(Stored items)
◇ ◇ ◇

(* Let $m\in\frac12\mathbb{N}$ and $\sigma\in\Phi^m(SU_q(2))$ be such that $\sigma(l)=0$ for all $l>N$, for some $N\in\mathbb{N}$. Then $T_\sigma$ is of finite rank.
   Context: Fix $0<q<1$. $SU_q(2)$ is the $*$-algebra generated by $a,c$ with $ac^*=qc^*a$, $ca^*=qa^*c$, $c^*a^*=qa^*c^*$, $c^*c=cc^*$, $aa^*+q^2c^*c=a^*a+c^*c=1$, with Haar state $h$. For $l\in\frac12\mathbb{N}$, $T^l=[t^l_{ij}]_{-l\le i,j\le l}$ is the irreducible unitary matrix corepresentation of dimension $2l+1$; $\{t^l_{ij}\}$ is an orthogonal basis with $h(t^l_{ij}(t^l_{ij})^* )=[2l+1]_q^{-1}q^{2j}$, $[x]_q=\frac{q^x-q^{-x}}{q-q^{-1}}$. Fourier transform: $\hat f(l)_{mn}=h(f(t^l_{nm})^* )$. $Tr_q(M)=Tr(D_qM)$, $D_q=\mathrm{diag}(q^{-2i})_{-l\le i\le l}$. A symbol is a map $\sigma:\frac12\mathbb{N}\to\bigcup_lM_{2l+1}(\mathbb{C})\otimes SU_q(2)$, with operator $T_\sigma f=\sum_l[2l+1]_qTr_q(\sigma(l)\hat f(l)T^l)$. With $I_{2l+1}=\{-l,\dots,l\}$: $\sigma$ is homogeneous of Fourier order $m\in\frac12\mathbb{N}$ if for each $l$ there is $\psi_\sigma(l):I_{2l+1}^2\to I_{2l+1}^2$ with $\sigma(l)_{ij}\in\mathrm{Span}\{t^m_{\psi_\sigma(l)(i,j)}\}$ and $\sigma(l)_{ij}=0$ when $\psi_\sigma(l)(i,j)\notin I_{2m+1}^2$; $\Phi^m(SU_q(2))$ consists of finite linear combinations of such symbols. *)

theory Defs
  imports Complex_Main
begin

text \<open>A half-integer l (resp. m) is represented by the natural number n = 2l
 (resp. mm = 2m). A matrix index i in I_{2l+1} = {-l,...,l} is represented by the integer 2i.
 The algebra SU_q(2) is the type 'a (a ring with 1); complex scalars act through the central
 unital ring embedding sc, the involution is st, the Haar state is h, and t n i j is the
 matrix coefficient t^l_{ij} (all in doubled coordinates).\<close>

definition Iset :: "nat \<Rightarrow> int set" where
  "Iset n = {k. \<bar>k\<bar> \<le> int n \<and> even (k + int n)}"

definition qnum :: "real \<Rightarrow> real \<Rightarrow> real" where
  "qnum q x = (q powr x - q powr (- x)) / (q - inverse q)"

inductive_set gen_star_alg :: "(complex \<Rightarrow> 'a::ring_1) \<Rightarrow> ('a \<Rightarrow> 'a) \<Rightarrow> 'a \<Rightarrow> 'a \<Rightarrow> 'a set"
  for sc st a c where
  gen_a: "a \<in> gen_star_alg sc st a c"
| gen_c: "c \<in> gen_star_alg sc st a c"
| gen_scal: "sc z \<in> gen_star_alg sc st a c"
| gen_add: "x \<in> gen_star_alg sc st a c \<Longrightarrow> y \<in> gen_star_alg sc st a c \<Longrightarrow> x + y \<in> gen_star_alg sc st a c"
| gen_mult: "x \<in> gen_star_alg sc st a c \<Longrightarrow> y \<in> gen_star_alg sc st a c \<Longrightarrow> x * y \<in> gen_star_alg sc st a c"
| gen_star: "x \<in> gen_star_alg sc st a c \<Longrightarrow> st x \<in> gen_star_alg sc st a c"

definition complex_star_algebra :: "(complex \<Rightarrow> 'a::ring_1) \<Rightarrow> ('a \<Rightarrow> 'a) \<Rightarrow> bool" where
  "complex_star_algebra sc st \<longleftrightarrow>
     (\<forall>z w. sc (z + w) = sc z + sc w) \<and> (\<forall>z w. sc (z * w) = sc z * sc w) \<and> sc 1 = 1 \<and>
     (\<forall>z x. sc z * x = x * sc z) \<and>
     (\<forall>x. st (st x) = x) \<and> (\<forall>x y. st (x + y) = st x + st y) \<and>
     (\<forall>x y. st (x * y) = st y * st x) \<and> (\<forall>z. st (sc z) = sc (cnj z))"

definition SUq2 :: "real \<Rightarrow> (complex \<Rightarrow> 'a::ring_1) \<Rightarrow> ('a \<Rightarrow> 'a) \<Rightarrow> 'a \<Rightarrow> 'a \<Rightarrow> ('a \<Rightarrow> complex)
      \<Rightarrow> (nat \<Rightarrow> int \<Rightarrow> int \<Rightarrow> 'a) \<Rightarrow> bool" where
  "SUq2 q sc st a c h t \<longleftrightarrow>
     0 < q \<and> q < 1 \<and>
     complex_star_algebra sc st \<and>
     \<comment> \<open>defining relations\<close>
     a * st c = sc (complex_of_real q) * st c * a \<and>
     c * st a = sc (complex_of_real q) * st a * c \<and>
     st c * st a = sc (complex_of_real q) * st a * st c \<and>
     st c * c = c * st c \<and>
     a * st a + sc (complex_of_real (q^2)) * st c * c = 1 \<and>
     st a * a + st c * c = 1 \<and>
     \<comment> \<open>generated by a and c as a *-algebra\<close>
     (\<forall>x. x \<in> gen_star_alg sc st a c) \<and>
     \<comment> \<open>Haar state: linear, unital, positive state\<close>
     (\<forall>x y. h (x + y) = h x + h y) \<and> (\<forall>z x. h (sc z * x) = z * h x) \<and> h 1 = 1 \<and>
     (\<forall>x. Im (h (st x * x)) = 0 \<and> 0 \<le> Re (h (st x * x))) \<and>
     \<comment> \<open>T^0 and T^{1/2}\<close>
     t 0 0 0 = 1 \<and>
     t 1 (-1) (-1) = a \<and> t 1 (-1) 1 = - (sc (complex_of_real q) * st c) \<and>
     t 1 1 (-1) = c \<and> t 1 1 1 = st a \<and>
     \<comment> \<open>each T^l is unitary\<close>
     (\<forall>n. \<forall>i\<in>Iset n. \<forall>j\<in>Iset n.
        (\<Sum>k\<in>Iset n. t n i k * st (t n j k)) = (if i = j then 1 else 0) \<and>
        (\<Sum>k\<in>Iset n. st (t n k i) * t n k j) = (if i = j then 1 else 0)) \<and>
     \<comment> \<open>orthogonality relations with the stated norms\<close>
     (\<forall>n i j n' i' j'. i \<in> Iset n \<longrightarrow> j \<in> Iset n \<longrightarrow> i' \<in> Iset n' \<longrightarrow> j' \<in> Iset n' \<longrightarrow>
        h (t n i j * st (t n' i' j')) =
          (if (n, i, j) = (n', i', j')
           then complex_of_real (q powr (real_of_int j) / qnum q (real n + 1)) else 0)) \<and>
     \<comment> \<open>the t^l_{ij} span SU_q(2) (together with orthogonality: a basis)\<close>
     (\<forall>x. \<exists>F w. finite F \<and> F \<subseteq> {(n, i, j). i \<in> Iset n \<and> j \<in> Iset n} \<and>
        x = (\<Sum>(n, i, j)\<in>F. sc (w (n, i, j)) * t n i j))"

definition fourier :: "('a \<Rightarrow> complex) \<Rightarrow> ('a \<Rightarrow> 'a) \<Rightarrow> (nat \<Rightarrow> int \<Rightarrow> int \<Rightarrow> 'a::ring_1)
      \<Rightarrow> 'a \<Rightarrow> nat \<Rightarrow> int \<Rightarrow> int \<Rightarrow> complex" where
  "fourier h st t f n i j = h (f * st (t n j i))"

text \<open>Quantum trace Tr_q(M) = Tr(D_q M), D_q = diag(q^{-2i}); in doubled coordinates q^{-k}.\<close>
definition qtrace :: "real \<Rightarrow> (complex \<Rightarrow> 'a::ring_1) \<Rightarrow> nat \<Rightarrow> (int \<Rightarrow> int \<Rightarrow> 'a) \<Rightarrow> 'a" where
  "qtrace q sc n M = (\<Sum>k\<in>Iset n. sc (complex_of_real (q powr (- real_of_int k))) * M k k)"

definition Tsymb_term :: "real \<Rightarrow> (complex \<Rightarrow> 'a::ring_1) \<Rightarrow> ('a \<Rightarrow> 'a) \<Rightarrow> ('a \<Rightarrow> complex)
      \<Rightarrow> (nat \<Rightarrow> int \<Rightarrow> int \<Rightarrow> 'a) \<Rightarrow> (nat \<Rightarrow> int \<Rightarrow> int \<Rightarrow> 'a) \<Rightarrow> 'a \<Rightarrow> nat \<Rightarrow> 'a" where
  "Tsymb_term q sc st h t \<sigma> f n =
     sc (complex_of_real (qnum q (real n + 1))) *
     qtrace q sc n (\<lambda>i k. \<Sum>j\<in>Iset n. \<Sum>p\<in>Iset n.
        \<sigma> n i j * sc (fourier h st t f n j p) * t n p k)"

text \<open>T_sigma f = sum over l of the summands; only the finitely many l with fhat(l) nonzero
 contribute (for f in SU_q(2) this set is finite).\<close>
definition Tsymb :: "real \<Rightarrow> (complex \<Rightarrow> 'a::ring_1) \<Rightarrow> ('a \<Rightarrow> 'a) \<Rightarrow> ('a \<Rightarrow> complex)
      \<Rightarrow> (nat \<Rightarrow> int \<Rightarrow> int \<Rightarrow> 'a) \<Rightarrow> (nat \<Rightarrow> int \<Rightarrow> int \<Rightarrow> 'a) \<Rightarrow> 'a \<Rightarrow> 'a" where
  "Tsymb q sc st h t \<sigma> f =
     (\<Sum>n\<in>{n. \<exists>i\<in>Iset n. \<exists>j\<in>Iset n. fourier h st t f n i j \<noteq> 0}. Tsymb_term q sc st h t \<sigma> f n)"

definition homogeneous_symbol :: "(complex \<Rightarrow> 'a::ring_1) \<Rightarrow> (nat \<Rightarrow> int \<Rightarrow> int \<Rightarrow> 'a)
      \<Rightarrow> nat \<Rightarrow> (nat \<Rightarrow> int \<Rightarrow> int \<Rightarrow> 'a) \<Rightarrow> bool" where
  "homogeneous_symbol sc t mm \<sigma> \<longleftrightarrow>
     (\<forall>n. \<exists>\<psi> :: int \<times> int \<Rightarrow> int \<times> int.
        (\<forall>i\<in>Iset n. \<forall>j\<in>Iset n. \<psi> (i, j) \<in> Iset n \<times> Iset n) \<and>
        (\<forall>i\<in>Iset n. \<forall>j\<in>Iset n.
           (\<exists>z. \<sigma> n i j = sc z * t mm (fst (\<psi> (i, j))) (snd (\<psi> (i, j)))) \<and>
           (\<psi> (i, j) \<notin> Iset mm \<times> Iset mm \<longrightarrow> \<sigma> n i j = 0)))"

definition Phi :: "(complex \<Rightarrow> 'a::ring_1) \<Rightarrow> (nat \<Rightarrow> int \<Rightarrow> int \<Rightarrow> 'a)
      \<Rightarrow> nat \<Rightarrow> (nat \<Rightarrow> int \<Rightarrow> int \<Rightarrow> 'a) \<Rightarrow> bool" where
  "Phi sc t mm \<sigma> \<longleftrightarrow>
     (\<exists>cs :: (complex \<times> (nat \<Rightarrow> int \<Rightarrow> int \<Rightarrow> 'a)) list.
        (\<forall>(z, \<tau>)\<in>set cs. homogeneous_symbol sc t mm \<tau>) \<and>
        (\<forall>n. \<forall>i\<in>Iset n. \<forall>j\<in>Iset n. \<sigma> n i j = (\<Sum>(z, \<tau>)\<leftarrow>cs. sc z * \<tau> n i j)))"

definition finite_rank :: "(complex \<Rightarrow> 'a::ring_1) \<Rightarrow> ('a \<Rightarrow> 'a) \<Rightarrow> bool" where
  "finite_rank sc T \<longleftrightarrow>
     (\<exists>B. finite B \<and> (\<forall>f. \<exists>w. T f = (\<Sum>b\<in>B. sc (w b) * b)))"

end

theory Submission
  imports Defs
begin

text \<open>Each summand of T_sigma f is a complex combination of the finitely many products
 sigma(l)_{kj} t^l_{pk}, with coefficients the Fourier coefficients of f; summands with
 l > N vanish, so the whole range of T_sigma lies in the span of the products with l \<le> N.\<close>

definition sc_span :: "(complex \<Rightarrow> 'a::ring_1) \<Rightarrow> 'a set \<Rightarrow> 'a set" where
  "sc_span sc B = {x. \<exists>w. x = (\<Sum>b\<in>B. sc (w b) * b)}"

lemma finite_rankI:
  assumes "finite B" and "\<And>f. T f \<in> sc_span sc B"
  shows "finite_rank sc T"
  using assms unfolding finite_rank_def sc_span_def by blast

context
  fixes sc :: "complex \<Rightarrow> 'a::ring_1" and st :: "'a \<Rightarrow> 'a"
  assumes csa: "complex_star_algebra sc st"
begin

lemma sc_add: "sc (z + w) = sc z + sc w"
  using csa unfolding complex_star_algebra_def by blast

lemma sc_mult: "sc (z * w) = sc z * sc w"
  using csa unfolding complex_star_algebra_def by blast

lemma sc_commute: "sc z * x = x * sc z"
  using csa unfolding complex_star_algebra_def by blast

lemma sc_one: "sc 1 = 1"
  using csa unfolding complex_star_algebra_def by blast

lemma sc_zero: "sc 0 = 0"
  using sc_add[of 0 0] by simp

lemma sc_span_zero: "0 \<in> sc_span sc B"
  unfolding sc_span_def by (auto intro: exI[of _ "\<lambda>_. 0"] simp: sc_zero)

lemma sc_span_add:
  assumes "x \<in> sc_span sc B" and "y \<in> sc_span sc B"
  shows "x + y \<in> sc_span sc B"
proof -
  obtain v w where "x = (\<Sum>b\<in>B. sc (v b) * b)" and "y = (\<Sum>b\<in>B. sc (w b) * b)"
    using assms unfolding sc_span_def by blast
  then have "x + y = (\<Sum>b\<in>B. sc (v b + w b) * b)"
    by (simp add: sc_add distrib_right sum.distrib)
  then show ?thesis unfolding sc_span_def by (intro CollectI exI)
qed

lemma sc_span_scale:
  assumes "x \<in> sc_span sc B"
  shows "sc z * x \<in> sc_span sc B"
proof -
  obtain w where "x = (\<Sum>b\<in>B. sc (w b) * b)"
    using assms unfolding sc_span_def by blast
  then have "sc z * x = (\<Sum>b\<in>B. sc (z * w b) * b)"
    by (simp add: sc_mult sum_distrib_left mult.assoc)
  then show ?thesis unfolding sc_span_def by (intro CollectI exI)
qed

lemma sc_span_base:
  assumes "finite B" and "b \<in> B"
  shows "b \<in> sc_span sc B"
proof -
  have "(\<Sum>x\<in>B. sc (if x = b then 1 else 0) * x) = (\<Sum>x\<in>B. if x = b then b else 0)"
    by (rule sum.cong) (auto simp: sc_one sc_zero)
  also have "\<dots> = b"
    using assms by simp
  finally show ?thesis
    unfolding sc_span_def by (auto intro: exI[of _ "\<lambda>x. if x = b then 1 else 0"])
qed

lemma sc_span_sum:
  assumes "\<And>i. i \<in> I \<Longrightarrow> g i \<in> sc_span sc B"
  shows "sum g I \<in> sc_span sc B"
proof (cases "finite I")
  case True
  then show ?thesis
    using assms by (induction I rule: finite_induct) (auto intro: sc_span_add sc_span_zero)
qed (simp add: sc_span_zero)

lemma Tsymb_term_eq_0:
  assumes "\<forall>i\<in>Iset n. \<forall>j\<in>Iset n. \<sigma> n i j = 0"
  shows "Tsymb_term q sc st h t \<sigma> f n = 0"
  unfolding Tsymb_term_def qtrace_def using assms by (simp add: sc_zero cong: sum.cong)

lemma Tsymb_term_in_sc_span:
  assumes "finite B"
    and "\<And>k j p. k \<in> Iset n \<Longrightarrow> j \<in> Iset n \<Longrightarrow> p \<in> Iset n \<Longrightarrow> \<sigma> n k j * t n p k \<in> B"
  shows "Tsymb_term q sc st h t \<sigma> f n \<in> sc_span sc B"
proof -
  have "\<sigma> n k j * sc z * t n p k \<in> sc_span sc B"
    if "k \<in> Iset n" "j \<in> Iset n" "p \<in> Iset n" for k j p z
  proof -
    have "sc z * (\<sigma> n k j * t n p k) \<in> sc_span sc B"
      using that by (intro sc_span_scale sc_span_base assms)
    moreover have "sc z * (\<sigma> n k j * t n p k) = \<sigma> n k j * sc z * t n p k"
      by (simp add: sc_commute mult.assoc)
    ultimately show ?thesis by simp
  qed
  then show ?thesis
    unfolding Tsymb_term_def qtrace_def by (intro sc_span_scale sc_span_sum) auto
qed

end

lemma finite_Iset: "finite (Iset n)"
  by (rule finite_subset[of _ "{-int n..int n}"]) (auto simp: Iset_def)

theorem mainTheorem7:
  fixes q :: real and sc :: "complex \<Rightarrow> 'a::ring_1" and st :: "'a \<Rightarrow> 'a"
    and a c :: 'a and h :: "'a \<Rightarrow> complex" and t :: "nat \<Rightarrow> int \<Rightarrow> int \<Rightarrow> 'a"
    and mm :: nat and \<sigma> :: "nat \<Rightarrow> int \<Rightarrow> int \<Rightarrow> 'a" and N :: nat
  assumes "SUq2 q sc st a c h t"
    and "Phi sc t mm \<sigma>"
    and "\<forall>n. real n / 2 > real N \<longrightarrow> (\<forall>i\<in>Iset n. \<forall>j\<in>Iset n. \<sigma> n i j = 0)"
  shows "finite_rank sc (Tsymb q sc st h t \<sigma>)"
proof -
  have csa: "complex_star_algebra sc st"
    using assms(1) unfolding SUq2_def by blast
  define B where "B = (\<Union>n\<le>2 * N. (\<lambda>(k, j, p). \<sigma> n k j * t n p k) ` (Iset n \<times> Iset n \<times> Iset n))"
  have "finite B"
    unfolding B_def by (simp add: finite_Iset)
  have "Tsymb_term q sc st h t \<sigma> f n \<in> sc_span sc B" for f n
  proof (cases "n \<le> 2 * N")
    case True
    then show ?thesis
      using \<open>finite B\<close> by (intro Tsymb_term_in_sc_span[OF csa]) (auto simp: B_def intro!: rev_image_eqI[of "(k, j, p)" for k j p])
  next
    case False
    then show ?thesis
      using assms(3) Tsymb_term_eq_0[OF csa] sc_span_zero[OF csa] by simp
  qed
  then show ?thesis
    unfolding Tsymb_def by (intro finite_rankI[OF \<open>finite B\<close>] sc_span_sum[OF csa])
qed

end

◇ ◇ ◇

Task to complete: The answer must consist of each line in the entries above that includes "coordinates".

Written reply:
 matrix coefficient t^l_{ij} (all in doubled coordinates).\<close>
text \<open>Quantum trace Tr_q(M) = Tr(D_q M), D_q = diag(q^{-2i}); in doubled coordinates q^{-k}.\<close>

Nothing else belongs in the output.